I am strongly convinced of the great potential that maps have to explain political and social processes, and of the need to make a more throughout use of maps in analyses and syntheses. However, maps are not objective: there is always a degree of arbitrariness in the choice of the subject, in its representation, in the meaning conveyed by a map. Maps are extremely powerful tools for understanding reality, but because of their power they should be handled in a delicate and critical way.
In the last few weeks, as the crisis in Ukraine was escalating, a number of maps have begun to circulate on social networks and media, highlighting the differences between North- and Western Ukraine on the one hand and South- and Eastern Ukraine on the other hand. Differences concern electoral behavior, attitude towards Yanukovich’s government, ethnic composition, duration of membership to the Ukrainian state. These maps as well as the cleavages that they highlight are helpful to understand important aspects of what is going on in the country.

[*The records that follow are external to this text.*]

lemma mod_power_eq_if_digits_eq:
  assumes "\<forall>i\<in>{1..j}. digit sm a i = digit sm b i"
  shows "a mod sm ^ j = b mod sm ^ j"
  using assms
proof (induction j)
  case (Suc j)
  have "digit sm a (Suc j) = digit sm b (Suc j)" using Suc.prems by simp
  hence "a div sm ^ j mod sm = b div sm ^ j mod sm" by (simp add: digit_def)
  moreover have "x mod sm ^ Suc j = sm ^ j * (x div sm ^ j mod sm) + x mod sm ^ j" for x
    by (simp only: power_Suc2 mod_mult2_eq)
  ultimately show ?case using Suc by simp
qed simp

lemma vandermonde_weights_eq_0:
  fixes g :: "'b \<Rightarrow> 'a::field"
  assumes "finite I" "inj_on g I" "card I \<le> r"
    and "\<And>t. t < r \<Longrightarrow> (\<Sum>p\<in>I. w p * g p ^ t) = 0"
    and "p \<in> I"
  shows "w p = 0"
  using assms
proof (induction I arbitrary: r w p rule: finite_induct)
  case (insert x I)
  \<comment> \<open>Reweighting by g q - g x kills the weight at x and uses up one power.\<close>
  define w' where "w' q = w q * (g q - g x)" for q
  have "(\<Sum>q\<in>I. w' q * g q ^ t) = 0" if "t < r - 1" for t
  proof -
    have "(\<Sum>q\<in>I. w' q * g q ^ t) = (\<Sum>q\<in>insert x I. w' q * g q ^ t)"
      using insert.hyps by (simp add: w'_def)
    also have "\<dots> = (\<Sum>q\<in>insert x I. w q * g q ^ Suc t) - g x * (\<Sum>q\<in>insert x I. w q * g q ^ t)"
      by (simp add: w'_def sum_distrib_left sum_subtractf[symmetric] algebra_simps)
    also have "\<dots> = 0" using insert.prems(3)[of "Suc t"] insert.prems(3)[of t] that by simp
    finally show ?thesis .
  qed
  hence "w' q = 0" if "q \<in> I" for q
    using insert.IH[of "r - 1" w' q] insert.prems insert.hyps that by (auto simp: inj_on_insert)
  moreover have "g q \<noteq> g x" if "q \<in> I" for q
    using insert.prems(1) insert.hyps that by (auto simp: inj_on_def)
  ultimately have w_I: "w q = 0" if "q \<in> I" for q
    using that by (simp add: w'_def)
  have "(\<Sum>q\<in>insert x I. w q * g q ^ 0) = 0"
    using insert.prems(3)[of 0] insert.prems(2) insert.hyps by simp
  hence "w x = 0" using insert.hyps w_I by simp
  thus ?case using w_I insert.prems(4) by auto
qed simp

lemma vandermonde_solvable:
  fixes g :: "'b \<Rightarrow> 'a::{field,finite}"
  assumes "finite P" "inj_on g P" "card P = r"
  shows "\<exists>x. \<forall>t<r. (\<Sum>p\<in>P. x p * g p ^ t) = y t"
proof -
  define moments where "moments x = restrict (\<lambda>t. \<Sum>p\<in>P. x p * g p ^ t) {..<r}" for x
  define X where "X = PiE P (\<lambda>_. UNIV :: 'a set)"
  define Y where "Y = PiE {..<r} (\<lambda>_. UNIV :: 'a set)"
  have "inj_on moments X"
  proof
    fix x x' assume x: "x \<in> X" and x': "x' \<in> X" and eq: "moments x = moments x'"
    have "x p - x' p = 0" if "p \<in> P" for p
    proof (rule vandermonde_weights_eq_0[OF assms(1,2), of r])
      fix t assume "t < r"
      thus "(\<Sum>p\<in>P. (x p - x' p) * g p ^ t) = 0"
        using fun_cong[OF eq, of t] by (simp add: moments_def left_diff_distrib sum_subtractf)
    qed (use assms(3) that in auto)
    thus "x = x'" using x x' unfolding X_def by (metis PiE_ext eq_iff_diff_eq_0)
  qed
  moreover have "moments ` X \<subseteq> Y"
    by (simp add: moments_def Y_def image_subset_iff)
  moreover have "card X = card Y"
    using assms by (simp add: X_def Y_def card_PiE)
  ultimately have "moments ` X = Y"
    by (metis card_image card_subset_eq finite_PiE finite_lessThan Y_def finite)
  moreover have "restrict y {..<r} \<in> Y" by (simp add: Y_def)
  ultimately obtain x where "moments x = restrict y {..<r}" by auto
  hence "\<forall>t<r. (\<Sum>p\<in>P. x p * g p ^ t) = y t"
    by (auto simp: moments_def fun_eq_iff split: if_splits)
  thus ?thesis by blast
qed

However, there is one major problem with the maps highlighting the division of Ukraine into two different parts. The problem precisely lies in the highlighting of the division: to assign a different color to the different Ukrainian regions does not merely show existing differences, but in fact it emphasizes them by hiding nuances and details. There is little doubt that the Southern and Eastern parts of the country have stronger ties with Russia and are inhabited by a stronger share of Russian-speaking population. However, to show this fact should not lead to hide the fact that Ukraine is not a country wherein all the people in the North and in the West are Ukrainian-speaking pro-European citizens, and all the people in the South and in the East are Russian-speaking pro-Russian citizens. There is a high degree of mixture and complexity which maps like these ones ignore and hide.
If there is a single thing that the 20th century history of Central and Eastern Europe should have tought us, it is to pay due attention to ethnic complexity. For instance, recurrent attempts were made to map former Yugoslavia by assigning a color to each region according to the ethnic group enjoying relative predominance within it. However, it was sufficient to go on the ground in order to discover that substantial minorities existed, and that lines of division between groups were much less sharp than they were in the maps. Lines did not run at the level of regions, but they run at the level of valleys, villages, neighborhoods, streets, and often even within a single building. The problem with maps in the Yugoslavian case, was that they legitimized projects of massive population displacements. In some cases they legitimized violent ethnic cleansing policies, in other ones they lead to negotiate and encourage population displacements, as it happened with the Dayton agreement. It was reality that had to be turned into something similar to the tidy order represented in maps, not the other way round.
The problem with Ukraine is the very same one: if we continue to circulate maps highlighting the division of the country, we could end up favouring and building such a very division of the country. State borders are contingent historical constructions, it is obvious that they can be modified. However, it is definitely time to stop thinking that a good way to address the complexities of reality is to create tidy ethnically homogenous entities. To split Ukraine into two parts may appear as a simple, appealing, tidy solution. What history tells us is that, even in the best-case scenario of actors’ agreement about it, it would be an extremely costly and complex operation, likely to lead to a great deal of sorrow and resentment. What history tells us – and what maps should help us to see as well -, is that to reduce cleavages is much preferable to highlighting and exacerbating them.